Rubio also points out how the Paracaleño’s today have chosen to just focus on mining and have neglected other sources of livelihood.  Food crops are no longer being planted even in backyards and so the townsfolk have to resort to buying food from nearby towns.  Copra, once a produce in Paracale, has been abandoned.  Although Rubio seems to be hopeful as he channels the “guardians” or tagapag-alaga in a set of round canvas paintings mounted in coconut shells.  Applied almost in drip-like strokes, his compositions recall the wax drippings formed in the folk healing practice of pagtatawas.  Does this suggest an attempt to heal the land?  

This is perhaps asking too much of art and of the artist.  But Rubio’s works are in consonance with a global concern for the environment and leads us to assess the risks of progress.  As a stakeholder and a Paracaleño, he makes us rethink the benefits and effects of mining, an issue quite timely with the recent call for a sense of responsibility to key players in the industry. 

MVTHerrera
September 2012

________________________________________________________________________





















Sunday, February 15, 2009

Existence


Existence is the most profound concept that underlies the work of Ryan Rubio. Yet it is not only existence alone but the very nature and reason for it that is the persistent thought that drives the artist in him to paint layers upon layers of thick paint to produce a final visible surface founded on tactile memories of the distant past: his youth.

When asked what his message is to his audience, he simply remarked: Life is precious. Not many people realize the true worth of life’s experiences, the real reason why people are around them. He continued: Value the people around you when they are alive. In death, they would not even know what praises and glories you sing in their honor. They would not hear you. Treasure them while they are there with you.

When asked why his figures reminisce of alien forms, he declared: What I see in people are not their physical appearances but what I feel they are, what I think they are made of, what I sense they want to be. Their physical forms become a blur to me, and what I see in them is their character, their personality, their values, their worth. I paint what I feel in my guts what I think they really are.
Rubio’s concept of after life is another life: A person continues what he needs to do, for the purpose he was created, even after death.
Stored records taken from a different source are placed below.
definition mat_ge :: "nat \<Rightarrow> (nat \<Rightarrow> nat \<Rightarrow> real) \<Rightarrow> (nat \<Rightarrow> nat \<Rightarrow> real) \<Rightarrow> bool" where
  "mat_ge m M N \<longleftrightarrow> (\<forall>x :: nat \<Rightarrow> real. 0 \<le> (\<Sum>i<m. \<Sum>j<m. x i * (M i j - N i j) * x j))"

definition block_diag :: "nat \<Rightarrow> (nat \<Rightarrow> nat \<Rightarrow> real) \<Rightarrow> (nat \<Rightarrow> nat \<Rightarrow> real) \<Rightarrow> nat \<Rightarrow> nat \<Rightarrow> real" where
  "block_diag k GA GB i j =
     (if i < k \<and> j < k then GA i j
      else if k \<le> i \<and> k \<le> j then GB (i - k) (j - k) else 0)"

text \<open>Separability of a Gaussian state with covariance matrix G of nA+nB modes with
  respect to the bipartition (first nA modes | last nB modes), via the
  Werner--Wolf characterisation: there exist valid covariance matrices
  GA, GB of the parties with G >= GA (+) GB.\<close>
definition gaussian_separable :: "nat \<Rightarrow> nat \<Rightarrow> (nat \<Rightarrow> nat \<Rightarrow> real) \<Rightarrow> bool" where
  "gaussian_separable nA nB G \<longleftrightarrow>
     (\<exists>GA GB. valid_cm nA GA \<and> valid_cm nB GB \<and>
        mat_ge (2*(nA+nB)) G (block_diag (2*nA) GA GB))"

definition ww_cm :: "real \<Rightarrow> real \<Rightarrow> real \<Rightarrow> real \<Rightarrow> real \<Rightarrow> real \<Rightarrow> nat \<Rightarrow> nat \<Rightarrow> real" where
  "ww_cm A B C D E F i j =
     (if i < 8 \<and> j < 8 then
       [[A, 0, 0, 0,  E, 0, 0, 0],
        [0, B, 0, 0,  0, 0, 0, -F],
        [0, 0, A, 0,  0, 0, -E, 0],
        [0, 0, 0, B,  0, -F, 0, 0],
        [E, 0, 0, 0,  C, 0, 0, 0],
        [0, 0, 0, -F, 0, D, 0, 0],
        [0, 0, -E, 0, 0, 0, C, 0],
        [0, -F, 0, 0, 0, 0, 0, D]] ! i ! j
      else 0)"

end

theory Submission
  imports Defs
begin
lemma card_designated:
  assumes "1 \<le> s" "set ts = P_set n s" "x \<in> {1..n}"
  shows "card {j. j < length ts \<and> designated n s ts j x} =
         (\<Sum>t\<leftarrow>ts. dval n s t) div n + of_bool (x - 1 < (\<Sum>t\<leftarrow>ts. dval n s t) mod n)"
proof -
  let ?d = "\<lambda>i. dval n s (ts ! i)" and ?y = "x - 1"
  have "\<forall>i<length ts. ?d i \<le> n"
    using assms(1,2) dval_le E_set_eq_A_set_Un_P_set nth_mem by blast
  moreover have "?y < n"
    using assms(3) by auto
  moreover have "{j. j < length ts \<and> designated n s ts j x} =
      {j. j < length ts \<and> (int ?y - int (\<Sum>i<j. ?d i)) mod int n < int (?d j)}"
    using assms(3) unfolding designated_def hval_def by (simp add: of_nat_diff)
  moreover have "(\<Sum>t\<leftarrow>ts. dval n s t) = (\<Sum>i<length ts. ?d i)"
    by (simp add: sum_list_sum_nth atLeast0LessThan)
  ultimately show ?thesis
    using card_windows_mod_eq[of ?y n "length ts" ?d] card_less_mod_eq[of ?y n] by presburger
qed

lemma div_add_of_bool_between_floor_ceiling:
  fixes c n :: nat
  assumes "0 < n" "b \<Longrightarrow> c mod n \<noteq> 0"
  shows "\<lfloor>real c / real n\<rfloor> \<le> int (c div n + of_bool b) \<and>
         int (c div n + of_bool b) \<le> \<lceil>real c / real n\<rceil>"
proof -
  have floor: "\<lfloor>real c / real n\<rfloor> = int (c div n)"
    by (rule floor_divide_of_nat_eq)
  have "\<lceil>real c / real n\<rceil> = int (c div n) + 1" if "c mod n \<noteq> 0"
  proof -
    have "c \<noteq> c div n * n"
      using that div_mult_mod_eq[of c n] by linarith
    then have "real c \<noteq> real (c div n) * real n"
      unfolding of_nat_mult[symmetric] of_nat_eq_iff .
    then have "real c / real n \<noteq> of_int \<lfloor>real c / real n\<rfloor>"
      using assms(1) unfolding floor by (simp add: divide_eq_eq)
    then show ?thesis
      unfolding ceiling_altdef[of "real c / real n"] floor by simp
  qed
  then show ?thesis
    using floor floor_le_ceiling[of "real c / real n"] assms(2) by (cases b) auto
qed

theorem theorem9:
  fixes n s :: nat and ts :: "nat list list" and x :: nat
  assumes "1 \<le> n" and "1 \<le> s" and "s \<le> n"
    and "distinct ts" and "set ts = P_set n s"
    and "x \<in> {1..n}"
  shows "\<lfloor>real (n choose s) / real n\<rfloor> \<le> int (card (CV n s ts x)) \<and>
         int (card (CV n s ts x)) \<le> \<lceil>real (n choose s) / real n\<rceil>"
proof -
  let ?D = "\<Sum>t\<leftarrow>ts. dval n s t"
  have total: "n choose s = n * card (A_set n s) + ?D"
    using card_A_set_sum_dval_P_set[OF assms(2-5)] by simp
  have "card (CV n s ts x) = card (A_set n s) + ?D div n + of_bool (x - 1 < ?D mod n)"
    using card_CV[OF assms(2-6)] card_designated[OF assms(2,5,6)] by simp
  also have "\<dots> = (n choose s) div n + of_bool (x - 1 < (n choose s) mod n)"
    unfolding total using assms(1) by simp
  finally show ?thesis
    using div_add_of_bool_between_floor_ceiling[of n] assms(1) by simp
qed

end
He said: Death is just a transition for you to be able to continue your mission in life. And that Life is the one spoken of in the greater sense.

A remarkable recent work of Rubio is Huling Pyesta: Pebrero Dos ( Last Festival: February 2 ), a huge canvas  filled with fleeting images of a parade enjoyed by his father who passed away when the artist was only in grade school. Too early, he said, for one so inspiring, so nurturing, so supportive of his dreams and visions, to go. But nevertheless, anchoring on his own beliefs about Life and Death, he went and the Artist accepted it.

Yet all these seem not to matter to Rubio. When viewed in the broader horizon, deep within the context of what the Artist really believes in, Life and Death fall in but one straight continuum. Life cannot exist without Death, or Death without Life.